-- Task requirements --
Whenever a line of the entries below holds the string "type", copy that line and return it.

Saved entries
----------

(* Let $G$ be a finitely generated group, $H$ a finitely generated subgroup, $A$ a finite alphabet, $S\subseteq H$ finite and $\mu:A^S\to A$. Let $\Phi_H:A^H\to A^H$ and $\Phi_G:A^G\to A^G$ be the cellular automata defined by $\Phi_H(x)(h)=\mu(s\mapsto x(hs))$ and $\Phi_G(x)(g)=\mu(s\mapsto x(gs))$. If $\Phi_G$ is sensitive to initial conditions, then so is $\Phi_H$.
   Context: Metrics: fix a finite generating set $E_H$ of $H$ closed under inverses and a finite generating set $D\supseteq E_H$ of $G$ closed under inverses, with word metrics $d_H$, $d_G$. The Cantor metric on $A^H$ is $d^H(x,y)=2^{-k}$ with $k=\min\{d_H(1,h):x(h)\neq y(h)\}$, and on $A^G$ similarly $d^G$ using $d_G$; $B^H$, $B^G$ denote closed balls. A map $\Phi$ on such a space with balls $B$ is sensitive to initial conditions if $\exists\epsilon>0\,\forall x\,\forall\delta>0\,\exists t\in\mathbb{N}\,\exists y\in B(x,\delta)$ with $\Phi^t(y)\notin B(\Phi^t(x),\epsilon)$. (This notion does not depend on the choice of generating sets.) *)

theory Defs
  imports Complex_Main "HOL-Library.FuncSet"
begin

text \<open>Groups are written additively via the (non-commutative) type class group_add:
  the group operation is +, the identity 0, inverses uminus.\<close>

definition generated_by :: "'g::group_add set \<Rightarrow> 'g set" where
  "generated_by E = {sum_list xs | xs. set xs \<subseteq> E}"

definition word_len :: "'g::group_add set \<Rightarrow> 'g \<Rightarrow> nat" where
  "word_len E g = (LEAST n. \<exists>xs. length xs = n \<and> set xs \<subseteq> E \<and> sum_list xs = g)"

definition cantor_dist :: "'g::group_add set \<Rightarrow> ('g \<Rightarrow> 'a) \<Rightarrow> ('g \<Rightarrow> 'a) \<Rightarrow> real" where
  "cantor_dist E x y =
     (if x = y then 0 else (1/2) ^ (LEAST k. \<exists>h. x h \<noteq> y h \<and> word_len E h = k))"

definition sensitive :: "('c \<Rightarrow> 'c \<Rightarrow> real) \<Rightarrow> 'c set \<Rightarrow> ('c \<Rightarrow> 'c) \<Rightarrow> bool" where
  "sensitive d X \<Phi> \<longleftrightarrow>
     (\<exists>\<epsilon>>0. \<forall>x\<in>X. \<forall>\<delta>>0. \<exists>t::nat. \<exists>y\<in>X.
        d x y \<le> \<delta> \<and> \<not> d ((\<Phi> ^^ t) x) ((\<Phi> ^^ t) y) \<le> \<epsilon>)"

text \<open>Cellular automaton on A^H (configurations are functions extensional on H)
  and on A^G (G = the whole type), with local rule mu : A^S \<rightarrow> A.\<close>
definition CA_sub :: "'g::group_add set \<Rightarrow> 'g set \<Rightarrow> (('g \<Rightarrow> 'a) \<Rightarrow> 'a) \<Rightarrow> ('g \<Rightarrow> 'a) \<Rightarrow> ('g \<Rightarrow> 'a)" where
  "CA_sub H S \<mu> x = (\<lambda>h. if h \<in> H then \<mu> (restrict (\<lambda>s. x (h + s)) S) else undefined)"

definition CA_full :: "'g::group_add set \<Rightarrow> (('g \<Rightarrow> 'a) \<Rightarrow> 'a) \<Rightarrow> ('g \<Rightarrow> 'a) \<Rightarrow> ('g \<Rightarrow> 'a)" where
  "CA_full S \<mu> x = (\<lambda>g. \<mu> (restrict (\<lambda>s. x (g + s)) S))"

end

theory Submission
  imports Defs
begin

text \<open>Sensitivity of \<open>\<Phi>\<^sub>G\<close> gives a radius \<open>N\<^sub>G\<close> that every configuration's orbit can be
  made to leave. Suppose \<open>\<Phi>\<^sub>H\<close> were not sensitive. Choose an \<open>E\<close>-radius \<open>N\<^sub>H\<close> covering the
  displacements \<open>-c\<^sub>g + g \<in> H\<close> of the elements \<open>g\<close> of the \<open>N\<^sub>G\<close>-ball from their coset
  representatives \<open>c\<^sub>g\<close>, and a configuration \<open>x\<^sub>H\<close> on \<open>H\<close> whose orbit stays within radius \<open>N\<^sub>H\<close>
  of every orbit starting \<open>M\<close>-close to it. Copy \<open>x\<^sub>H\<close> onto every left coset \<open>c + H\<close>. Since
  \<open>S \<subseteq> H\<close>, \<open>\<Phi>\<^sub>G\<close> acts on each coset as \<open>\<Phi>\<^sub>H\<close>, so a configuration that agrees with the copy on
  the finitely many translates \<open>c\<^sub>g + (M-ball of H)\<close> has an orbit agreeing with the copy's on
  the \<open>N\<^sub>G\<close>-ball, contradicting sensitivity of \<open>\<Phi>\<^sub>G\<close>.\<close>

definition agree_on_ball :: "'g::group_add set \<Rightarrow> nat \<Rightarrow> ('g \<Rightarrow> 'a) \<Rightarrow> ('g \<Rightarrow> 'a) \<Rightarrow> bool" where
  "agree_on_ball E n x y \<longleftrightarrow> (\<forall>h. word_len E h < n \<longrightarrow> x h = y h)"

----------

-- Answer for this exercise --
text \<open>Groups are written additively via the (non-commutative) type class group_add:
  and on A^G (G = the whole type), with local rule mu : A^S \<rightarrow> A.\<close>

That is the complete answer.